Page MenuHomePhabricator

increase of network errors on alert1001 after certspotter has been enabled
Closed, ResolvedPublic

Description

alert1001 showed an increase of both network traffic and network errors after certspotter has been enabled. I've stopped it manually and that triggered a decrease on both metrics: https://grafana.wikimedia.org/goto/qKcze3Y7k?orgId=1

image.png (268×2 px, 58 KB)

Event Timeline

Change 769928 had a related patch set uploaded (by Vgutierrez; author: Vgutierrez):

[operations/puppet@production] certspotter: Temporarily disable certspotter

https://gerrit.wikimedia.org/r/769928

Change 769928 merged by Vgutierrez:

[operations/puppet@production] certspotter: Temporarily disable certspotter

https://gerrit.wikimedia.org/r/769928

Change 770000 had a related patch set uploaded (by Ssingh; author: Ssingh):

[operations/puppet@production] certspotter: add -start_at_end to only fetch new logs

https://gerrit.wikimedia.org/r/770000

Change 770000 merged by Ssingh:

[operations/puppet@production] certspotter: add -start_at_end to only fetch new logs

https://gerrit.wikimedia.org/r/770000

Change 770012 had a related patch set uploaded (by Ssingh; author: Ssingh):

[operations/puppet@production] certspotter: re-enable systemd timer

https://gerrit.wikimedia.org/r/770012

Change 770012 merged by Ssingh:

[operations/puppet@production] certspotter: re-enable systemd timer

https://gerrit.wikimedia.org/r/770012

Change 771610 had a related patch set uploaded (by Ssingh; author: Ssingh):

[operations/puppet@production] P:icinga: add profile for performance tweaking

https://gerrit.wikimedia.org/r/771610

Change 771610 merged by Ssingh:

[operations/puppet@production] P:icinga: add profile for performance tweaking

https://gerrit.wikimedia.org/r/771610

Change 771610 merged by Ssingh:

[operations/puppet@production] P:icinga: add profile for performance tweaking

https://gerrit.wikimedia.org/r/771610

https://grafana.wikimedia.org/d/000000377/host-overview?orgId=1&var-server=alert1001&var-datasource=thanos&var-cluster=alerting&from=now-6h&to=now

This has alleviated some of the network errors, so that's a good sign. (15:07 UTC mark).

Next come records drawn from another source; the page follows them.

lemma fourier_inversion:
  fixes n :: nat and l :: int
  defines "g \<equiv> \<lambda>\<theta>. indicator {-pi..pi} \<theta> * Re (cis (-\<theta> * of_int l) * \<phi> \<theta> ^ n)"
  shows "integrable lborel g" and "integral\<^sup>L lborel g = 2 * pi * prob {\<omega>\<in>space M. S n \<omega> = l}"
proof -
  interpret pair_sigma_finite M lborel
    by (simp add: pair_sigma_finite_def sigma_finite_measure_axioms lborel.sigma_finite_measure_axioms)
  define f where
    "f \<omega> \<theta> = indicator {-pi..pi} \<theta> * cos (\<theta> * (real_of_int (S n \<omega>) - real_of_int l))" for \<omega> \<theta>
  have "integrable (M \<Otimes>\<^sub>M lborel) (indicator (space M \<times> {-pi..pi}) :: _ \<Rightarrow> real)"
    by (subst integrable_indicator_iff)
      (simp add: Times_Int_Times lborel.emeasure_pair_measure_Times space_pair_measure
        emeasure_space_1 ennreal_mult_less_top)
  moreover have "case_prod f \<in> borel_measurable (M \<Otimes>\<^sub>M lborel)"
    unfolding f_def by measurable
  ultimately have f: "integrable (M \<Otimes>\<^sub>M lborel) (case_prod f)"
    by (rule Bochner_Integration.integrable_bound)
      (auto simp: f_def space_pair_measure indicator_def intro!: AE_I2)
  have inner_M: "(\<integral>\<omega>. f \<omega> \<theta> \<partial>M) = g \<theta>" for \<theta>
    unfolding f_def g_def by (simp add: integral_cos_S)
  have inner_lborel: "(\<integral>\<theta>. f \<omega> \<theta> \<partial>lborel) = 2 * pi * indicator {\<omega>\<in>space M. S n \<omega> = l} \<omega>"
    if "\<omega> \<in> space M" for \<omega>
  proof -
    have "(\<integral>\<theta>. f \<omega> \<theta> \<partial>lborel)
        = (\<integral>\<theta>. indicator {-pi..pi} \<theta> * cos (\<theta> * of_int (S n \<omega> - l)) \<partial>lborel)"
      unfolding f_def by simp
    also have "\<dots> = (if S n \<omega> - l = 0 then 2 * pi else 0)"
      by (rule has_integral_imp_lborel_indicator(2)[OF _ has_integral_cos_int]) (intro continuous_intros)
    finally show ?thesis
      using that by (simp add: indicator_def)
  qed
  show "integrable lborel g"
    using integrable_snd[OF f] by (simp add: inner_M)
  have "integral\<^sup>L lborel g = (\<integral>\<theta>. (\<integral>\<omega>. f \<omega> \<theta> \<partial>M) \<partial>lborel)"
    by (simp add: inner_M)
  also have "\<dots> = (\<integral>\<omega>. (\<integral>\<theta>. f \<omega> \<theta> \<partial>lborel) \<partial>M)"
    by (rule Fubini_integral[OF f])
  also have "\<dots> = (\<integral>\<omega>. 2 * pi * indicator {\<omega>\<in>space M. S n \<omega> = l} \<omega> \<partial>M)"
    by (rule Bochner_Integration.integral_cong[OF refl inner_lborel])
  also have "\<dots> = 2 * pi * prob {\<omega>\<in>space M. S n \<omega> = l}"
    by simp
  finally show "integral\<^sup>L lborel g = 2 * pi * prob {\<omega>\<in>space M. S n \<omega> = l}" .
qed

lemma \<phi>_0: "\<phi> 0 = 1"
  unfolding \<phi>_def by (simp add: prob_space)

lemma norm_\<phi>_le_1: "norm (\<phi> \<theta>) \<le> 1"
  unfolding \<phi>_def using integral_norm_bound[of M "\<lambda>\<omega>. cis (\<theta> * of_int (X 1 \<omega>))"]
  by (simp add: prob_space)

lemma isCont_\<phi>: "isCont \<phi> \<theta>"
  unfolding continuous_at_sequentially comp_def \<phi>_def
  by (auto intro!: integral_dominated_convergence[where w="\<lambda>_. 1"] tendsto_intros)

lemma cis_eq_1_if_norm_\<phi>_eq_1:
  assumes A1: "aperiodic_A1 M (X 1)" and norm_1: "norm (\<phi> \<theta>) = 1"
  shows "cis (\<theta> * of_int m) = 1"
proof -
  \<comment> \<open>\<open>cis (\<theta> k)\<close> is constant on the support of \<open>X 1\<close>, so its periods contain all differences
    of support points, and these generate \<open>\<int>\<close> by (A1).\<close>
  define p where "p k = prob {\<omega>\<in>space M. X 1 \<omega> = k}" for k
  have AE_const: "AE \<omega> in M. cis (\<theta> * of_int (X 1 \<omega>)) = \<phi> \<theta>"
    using AE_eq_expectation_if_unimodular[of "\<lambda>\<omega>. cis (\<theta> * of_int (X 1 \<omega>))"] norm_1
    unfolding \<phi>_def by simp
  have support: "cis (\<theta> * of_int k) = \<phi> \<theta>" if "p k > 0" for k
  proof (rule ccontr)
    assume ne: "cis (\<theta> * of_int k) \<noteq> \<phi> \<theta>"
    have "AE \<omega> in M. \<omega> \<notin> {\<omega>\<in>space M. X 1 \<omega> = k}"
      using AE_const by eventually_elim (use ne in auto)
    then have "p k = 0"
      unfolding p_def by (subst prob_eq_0) auto
    then show False
      using that by simp
  qed
  define H where "H = {m::int. cis (\<theta> * of_int m) = 1}"
  have H_subgroup: "0 \<in> H" "\<And>x y. x \<in> H \<Longrightarrow> y \<in> H \<Longrightarrow> x - y \<in> H"
    unfolding H_def by (auto simp: algebra_simps cis_divide[symmetric])
  have generated: "int_subgroup_generated {y + k | k. p k > 0} = UNIV" for y
    using A1 unfolding aperiodic_A1_def p_def by blast
  have "\<exists>k0. p k0 > 0"
  proof (rule ccontr)
    assume "\<nexists>k0. p k0 > 0"
    then have "int_subgroup_generated {0 + k | k. p k > 0} \<subseteq> {0}"
      by (intro int_subgroup_generated_least) auto
    then show False
      using generated[of 0] by (metis UNIV_I singletonD subsetD zero_neq_one)
  qed
  then obtain k0 where k0: "p k0 > 0"
    by blast
  have "{-k0 + k | k. p k > 0} \<subseteq> H"
  proof safe
    fix k assume "p k > 0"
    have "\<phi> \<theta> \<noteq> 0"
      using norm_1 by auto
    then show "-k0 + k \<in> H"
      unfolding H_def using support[OF \<open>p k > 0\<close>] support[OF k0]
      by (simp add: algebra_simps cis_divide[symmetric])
  qed
  then have "int_subgroup_generated {-k0 + k | k. p k > 0} \<subseteq> H"
    using H_subgroup by (intro int_subgroup_generated_least)
  then show ?thesis
    using generated[of "-k0"] by (auto simp: H_def)
qed

lemma norm_\<phi>_bounded_away_from_1:
  assumes A1: "aperiodic_A1 M (X 1)" and r: "0 < r" "r \<le> pi"
  shows "\<exists>\<rho><1. \<forall>\<theta>. r \<le> \<bar>\<theta>\<bar> \<and> \<bar>\<theta>\<bar> \<le> pi \<longrightarrow> norm (\<phi> \<theta>) \<le> \<rho>"
proof -
  define K where "K = {-pi..-r} \<union> {r..pi}"
  have K: "compact K" "K \<noteq> {}"
    using r unfolding K_def by auto
  obtain x where x: "x \<in> K" "\<forall>y\<in>K. norm (\<phi> y) \<le> norm (\<phi> x)"
    using continuous_attains_sup[OF K, of "\<lambda>\<theta>. norm (\<phi> \<theta>)"]
    by (auto intro!: continuous_at_imp_continuous_on continuous_intros isCont_\<phi>)
  have "norm (\<phi> x) \<noteq> 1"
  proof
    assume "norm (\<phi> x) = 1"
    then have "cis (x * of_int 1) = 1"
      by (rule cis_eq_1_if_norm_\<phi>_eq_1[OF A1])
    then have "x = 0"
      using x(1) r unfolding K_def by (intro cis_eq_1_imp_eq_0) auto
    then show False
      using x(1) r unfolding K_def by auto
  qed
  then have "norm (\<phi> x) < 1"
    using norm_\<phi>_le_1[of x] by linarith
  moreover have "\<theta> \<in> K" if "r \<le> \<bar>\<theta>\<bar>" "\<bar>\<theta>\<bar> \<le> pi" for \<theta>
    using that unfolding K_def by (cases "\<theta> \<ge> 0") auto
  ultimately show ?thesis
    using x(2) by blast
qed

end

I think we have two options to (try to) completely fix this issue:

  • update certspotter to limit the concurrency when it fetches the logs. This does not mean reducing the CT log server it queries but to limit the concurrency so that it pauses between those queries.
  • as per the commit message above, "We first start by setting interface::rps to the alerting_host role in order to improve the network performance. In the next commit, we will try to adjust the RX queuelen, which is currently set to 200 (with a maximum support of 2047)." We can try doing this manually to check if it makes a difference perhaps and then puppetize it.

No strong preferences on either one. We will be modifying certspotter to exclude our own certificates so that path has to be taken. The network fixes did help and that's quicker perhaps and worth the attempt.

  • as per the commit message above, "We first start by setting interface::rps to the alerting_host role in order to improve the network performance. In the next commit, we will try to adjust the RX queuelen, which is currently set to 200 (with a maximum support of 2047)." We can try doing this manually to check if it makes a difference perhaps and then puppetize it.

Sounds like a good next step to me 👍

BCornwall raised the priority of this task from Medium to Needs Triage.Mar 30 2023, 8:39 PM
BCornwall edited projects, added Traffic; removed Traffic-Icebox.
BCornwall subscribed.

Since the larger network issues have been fixed, I'm going to close this as resolved. Further improvements suggested by @ssingh would probably be better served in a new ticket for increased clarity.